Proteína, suplementos, calorias, canetas emagrecedoras, jejum, biomarcadores… Esses termos se tornaram familiares em nossas conversas sobre alimentação. Embora me alegre saber que hoje entendemos melhor os aspectos da saúde ligados à nutrição, eu me pergunto se, nesse esforço de medir tudo, não corremos o risco de empobrecer uma das mais ricas experiências humanas: comer. Foi o que pensei ao saber da morte do jornalista italiano Carlo Petrini, fundador do slow food.
O movimento trazia um conceito simples, mas poderoso: comida não é só combustível. Ela carrega história, território, trabalho, afeto, prazer e responsabilidade. A causa de Petrini nasceu nos anos 1980, como reação à abertura de um McDonald’s na Piazza di Spagna, em Roma. Na ocasião, manifestantes serviram pratos de penne aos passantes, lembrando que havia uma cultura local sólida a proteger. O gesto poderia ter ficado como uma provocação italiana, de ar folclórico e fanfarrão. Mas cresceu porque tocava em algo maior do que a mera crítica ao fast food. Era uma convocação para olhar com atenção o ato de comer.
“Não se pode, a cada refeição, empunhar no garfo o peso do planeta. Mas é possível ter consciência”

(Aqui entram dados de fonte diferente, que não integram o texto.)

(* Let $q_0$ and $q_1$ be quadratic linking functions on a finite abelian group $G$. Then $q_0$ is isometric to $q_1$ if and only if $(b(q_0),\beta(q_0))\cong(b(q_1),\beta(q_1))$ and $K(q_0)=K(q_1)$.
   Context: A linking form on a finite abelian group $G$ is a symmetric bilinear map $b:G\times G\to\mathbb{Q}/\mathbb{Z}$ that is nonsingular ($b(x,y)=0$ for all $x$ implies $y=0$). A quadratic linking function on $G$ is a map $q:G\to\mathbb{Q}/\mathbb{Z}$ such that $b(q)(x,y):=q(x+y)-q(x)-q(y)$ is a linking form; $q$ is a quadratic linking form if moreover $q(-x)=q(x)$. For $a\in G$, $q_a(x):=q(x)+b(q)(x,a)$. Every quadratic linking function can be written $q=q^o_a$ with $q^o$ a quadratic linking form refining $b(q)$ and $a\in G$; $\beta(q):=2a$ is independent of this choice. An isomorphism $(b_0,\beta_0)\cong(b_1,\beta_1)$ is a group automorphism $\theta$ of $G$ with $b_1(\theta x,\theta y)=b_0(x,y)$ and $\theta(\beta_0)=\beta_1$. $q_0$ and $q_1$ are isometric if $q_1\circ\theta=q_0$ for some automorphism $\theta$. The Kervaire–Arf invariant is $K(q)=\arg(GS(q))/2\pi\in\mathbb{Q}/\mathbb{Z}$, where $GS(q)=\sum_{x\in G}\exp(2\pi i\,q(x))$ (this sum is nonzero). *)

theory Defs
  imports Complex_Main
begin

definition qz_rel :: "rat \<Rightarrow> rat \<Rightarrow> bool" where
  "qz_rel x y \<longleftrightarrow> x - y \<in> \<int>"

quotient_type qz = rat / qz_rel
  morphisms rep_qz abs_qz
proof (rule equivpI)
  show "reflp qz_rel" by (rule reflpI) (simp add: qz_rel_def)
  show "symp qz_rel"
    by (rule sympI) (metis Ints_minus minus_diff_eq qz_rel_def)
  show "transp qz_rel"
  proof (rule transpI)
    fix x y z assume "qz_rel x y" "qz_rel y z"
    then have "(x - y) + (y - z) \<in> \<int>" unfolding qz_rel_def by (rule Ints_add)
    then show "qz_rel x z" by (simp add: qz_rel_def)
  qed
qed

instantiation qz :: ab_group_add
begin

lift_definition zero_qz :: qz is "0::rat" .

lift_definition plus_qz :: "qz \<Rightarrow> qz \<Rightarrow> qz" is "(+)"
proof -
  fix a b c d :: rat assume "qz_rel a b" "qz_rel c d"
  then have "(a - b) + (c - d) \<in> \<int>" unfolding qz_rel_def by (rule Ints_add)
  then show "qz_rel (a + c) (b + d)" by (simp add: qz_rel_def algebra_simps)
qed
lemma G_inv_at_bot: "(G_inv \<longlongrightarrow> 0) at_bot"
proof (rule order_tendstoI)
  fix a :: real assume "a < 0"
  then show "eventually (\<lambda>v. a < G_inv v) at_bot"
    using G_inv_pos by (auto intro: always_eventually less_trans)
next
  fix a :: real assume a: "0 < a"
  show "eventually (\<lambda>v. G_inv v < a) at_bot"
    using eventually_le_at_bot[of "G \<psi> a - 1"]
  proof eventually_elim
    case (elim v)
    show ?case
    proof (rule ccontr)
      assume "\<not> G_inv v < a"
      then have "G \<psi> a \<le> G \<psi> (G_inv v)" using G_le_iff[OF a G_inv_pos] by simp
      with elim show False by (simp add: G_G_inv)
    qed
  qed
qed

lemma G_inv_at_top: "filterlim G_inv at_top at_top"
  unfolding filterlim_at_top
proof
  fix Z :: real
  have pos: "max Z 1 > 0" by simp
  show "eventually (\<lambda>v. Z \<le> G_inv v) at_top"
    using eventually_ge_at_top[of "G \<psi> (max Z 1)"]
  proof eventually_elim
    case (elim v)
    then have "max Z 1 \<le> G_inv v" using G_le_iff[OF pos G_inv_pos] by (simp add: G_G_inv)
    then show ?case by simp
  qed
qed

lemma Phi_U_eq: "Phi_U \<psi> v = - deriv \<psi> (G_inv v) / (1 - deriv \<psi> (G_inv v))"
  by (simp add: Phi_U_def Let_def G_inv_def)

lemma Phi_U_bounds: "0 < Phi_U \<psi> v" "Phi_U \<psi> v < 1"
  using X_deriv_neg[OF G_inv_pos[of v]] by (simp_all add: Phi_U_eq field_simps)

lemma one_minus_Phi_U: "1 - Phi_U \<psi> v = inverse (1 - deriv \<psi> (G_inv v))"
  using X_deriv_neg[OF G_inv_pos[of v]] by (simp add: Phi_U_eq field_simps)

lemma Phi_U_cont: "continuous_on UNIV (Phi_U \<psi>)"
proof -
  have "continuous_on UNIV G_inv"
    by (intro continuous_at_imp_continuous_on ballI G_inv_isCont)
  then have "continuous_on UNIV (\<lambda>v. deriv \<psi> (G_inv v))"
    by (rule continuous_on_compose2[OF X_deriv_cont]) (auto intro: G_inv_pos)
  moreover have "1 - deriv \<psi> (G_inv v) \<noteq> 0" for v
    using X_deriv_neg[OF G_inv_pos[of v]] by simp
  ultimately show ?thesis
    unfolding Phi_U_eq[abs_def] by (intro continuous_intros) auto
qed

lemma psi_G_inv_deriv: "DERIV (\<lambda>x. - \<psi> (G_inv x)) v :> Phi_U \<psi> v"
proof -
  have "DERIV (\<lambda>x. - \<psi> (G_inv x)) v :> - (deriv \<psi> (G_inv v) * inverse (1 - deriv \<psi> (G_inv v)))"
    by (intro DERIV_minus DERIV_chain2[OF X_deriv[OF G_inv_pos] G_inv_deriv])
  then show ?thesis by (simp add: Phi_U_eq divide_inverse)
qed

lemma integral_Iic_one_minus_Phi_U:
  shows "set_integrable lborel {..v} (\<lambda>x. 1 - Phi_U \<psi> x)"
    and "(LINT x:{..v}|lborel. 1 - Phi_U \<psi> x) = G_inv v"
proof -
  have "continuous_on UNIV (\<lambda>x. 1 - Phi_U \<psi> x)" using Phi_U_cont by (intro continuous_intros)
  moreover have "DERIV G_inv x :> 1 - Phi_U \<psi> x" for x
    using G_inv_deriv by (simp add: one_minus_Phi_U)
  moreover have "0 \<le> 1 - Phi_U \<psi> x" for x using Phi_U_bounds(2)[of x] by simp
  moreover have "(G_inv \<longlongrightarrow> G_inv v) (at_left v)"
    using G_inv_isCont[of v] by (simp add: isCont_def filterlim_at_split)
  ultimately show "set_integrable lborel {..v} (\<lambda>x. 1 - Phi_U \<psi> x)"
    and "(LINT x:{..v}|lborel. 1 - Phi_U \<psi> x) = G_inv v"
    using FTC_Iic_nonneg[where F=G_inv and A=0, OF _ _ _ G_inv_at_bot] by simp_all
qed

lemma integral_Ici_Phi_U:
  shows "set_integrable lborel {v..} (Phi_U \<psi>)"
    and "(LINT x:{v..}|lborel. Phi_U \<psi> x) = \<psi> (G_inv v)"
proof -
  have "((\<lambda>x. - \<psi> (G_inv x)) \<longlongrightarrow> - 0) at_top"
    by (intro tendsto_minus filterlim_compose[OF X_at_top G_inv_at_top])
  moreover have "0 \<le> Phi_U \<psi> x" for x using Phi_U_bounds(1)[of x] by simp
  moreover have "((\<lambda>x. - \<psi> (G_inv x)) \<longlongrightarrow> - \<psi> (G_inv v)) (at_right v)"
    using DERIV_isCont[OF psi_G_inv_deriv] by (simp add: isCont_def filterlim_at_split)
  ultimately show "set_integrable lborel {v..} (Phi_U \<psi>)"
    and "(LINT x:{v..}|lborel. Phi_U \<psi> x) = \<psi> (G_inv v)"
    using FTC_Ici_nonneg[where F="\<lambda>x. - \<psi> (G_inv x)", OF Phi_U_cont psi_G_inv_deriv]
    by simp_all
qed

text \<open>The balance condition of \<open>Y_U\<close> at \<open>0\<close> is \<open>h(0) = \<psi>(h(0))\<close>, i.e. \<open>G(h(0)) = 0\<close>.\<close>

lemma Phi_U_in_Y: "Phi_U \<psi> \<in> Y_U"
proof -
  have "G_inv 0 = \<psi> (G_inv 0)" using G_G_inv[of 0] by (simp add: G_def)
  then show ?thesis unfolding Y_U_def
    using Phi_U_cont Phi_U_bounds integral_Iic_one_minus_Phi_U[of 0] integral_Ici_Phi_U[of 0]
    by auto
qed

lemma Psi_U_Phi_U: "Psi_U (Phi_U \<psi>) = \<psi>"
proof
  fix u
  have zeta_minus: "zeta_minus (Phi_U \<psi>) = G_inv"
    using integral_Iic_one_minus_Phi_U by (simp add: zeta_minus_def fun_eq_iff)
  have zeta_plus: "zeta_plus (Phi_U \<psi>) v = \<psi> (G_inv v)" for v
    using integral_Ici_Phi_U by (simp add: zeta_plus_def)
  show "Psi_U (Phi_U \<psi>) u = \<psi> u"
  proof (cases "u > 0")
    case True
    have "the_inv_into UNIV G_inv u = G \<psi> u"
      using G_inv_bij True G_inv_G by (intro the_inv_into_f_eq) (auto simp: bij_betw_def)
    then show ?thesis using True by (simp add: Psi_U_def zeta_minus zeta_plus G_inv_G)
  next
    case False then show ?thesis by (simp add: Psi_U_def X_nonpos)
  qed
qed

end

theorem proposition4p4:
  shows "(\<forall>\<psi>\<in>X_U. bij_betw (G \<psi>) {0<..} UNIV)
       \<and> (\<forall>\<rho>\<in>Y_U. bij_betw (zeta_minus \<rho>) UNIV {0<..} \<and> bij_betw (zeta_plus \<rho>) UNIV {0<..})
       \<and> bij_betw Phi_U X_U Y_U
       \<and> (\<forall>\<rho>\<in>Y_U. Psi_U \<rho> \<in> X_U \<and> Phi_U (Psi_U \<rho>) = \<rho>)
       \<and> (\<forall>\<psi>\<in>X_U. Psi_U (Phi_U \<psi>) = \<psi>)"
proof (intro conjI ballI)
  show "bij_betw (G \<psi>) {0<..} UNIV" if "\<psi> \<in> X_U" for \<psi> using G_bij[OF that] .
  show "bij_betw (zeta_minus \<rho>) UNIV {0<..}" if "\<rho> \<in> Y_U" for \<rho> using zeta_minus_bij[OF that] .
  show "bij_betw (zeta_plus \<rho>) UNIV {0<..}" if "\<rho> \<in> Y_U" for \<rho> using zeta_plus_bij[OF that] .
  show "Psi_U \<rho> \<in> X_U" if "\<rho> \<in> Y_U" for \<rho> using Psi_U_in_X[OF that] .
  show "Phi_U (Psi_U \<rho>) = \<rho>" if "\<rho> \<in> Y_U" for \<rho> using Phi_U_Psi_U[OF that] .
  show "Psi_U (Phi_U \<psi>) = \<psi>" if "\<psi> \<in> X_U" for \<psi> using Psi_U_Phi_U[OF that] .
  show "bij_betw Phi_U X_U Y_U"
    by (rule bij_betw_byWitness[where f'=Psi_U])
       (auto intro: Psi_U_Phi_U Phi_U_Psi_U Phi_U_in_Y Psi_U_in_X)
qed

end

Carlo Petrini ressaltou a importância de perguntar de onde veio o alimento, quem o produziu, que costumes preserva, que tipo de encontros e afetos propõe. Hoje, esse legado se mostra ainda válido. Muitas vezes parecemos precisar de uma justificativa funcional para o mero ato de fazer uma refeição. Assim, há quem coma tomate pelo licopeno, sardinha pelo ômega-3, iogurte pelos probióticos, cúrcuma por ser anti-inflamatória. É claro que tudo isso importa. Seria tolice desprezar o conhecimento científico sobre aquilo que pomos no prato. Mas todo alimento vai além de sua ficha nutricional. A memória, a conversa e o pertencimento não aparecem em exames, mas podem estar num prato de massa. Sempre busquei preservar essa dupla dimensão da alimentação, como instrumento de saúde, mas também de afeto e reconstrução pessoal. Comida saudável, para mim, não é triste e restrita, mas aquela que permite uma relação inteligente com o prazer. Petrini gostava de resumir sua bandeira na defesa de alimentos bons, limpos e justos. Bons no sabor e na qualidade. Limpos no respeito ao ambiente. Justos com quem produz. Por aí fica fácil entender que as consequências de comer são maiores do que as registradas na balança.
Cada escolha envolve uma cadeia invisível, do agricultor ao mercado e ao cozinheiro, passando pelo solo, a água e o transporte. Não se pode, a cada refeição, empunhar no garfo o peso do planeta. Mas é possível ter consciência sem estragar o apetite. Privilegiar o alimento da estação, valorizar quem cozinha, em gestos pequenos, mas significativos. O tempo dedicado à comida, do preparo ao consumo, não é perdido. É vivido. Num mundo fascinado pela eficiência, comer devagar é lembrar que a vida não é mera performance. Não por acaso são justamente os italianos que dizem “a tavola non si invecchia”: à mesa, não se envelhece. O corpo precisa de nutrientes. A alma, de rituais. A boa mesa oferece um pouco dos dois. O criador do slow food morreu. Que siga vivo o espírito do movimento, para nos lembrar de que comer bem é cuidar do corpo, mas comer com sentido preserva a humanidade do gesto.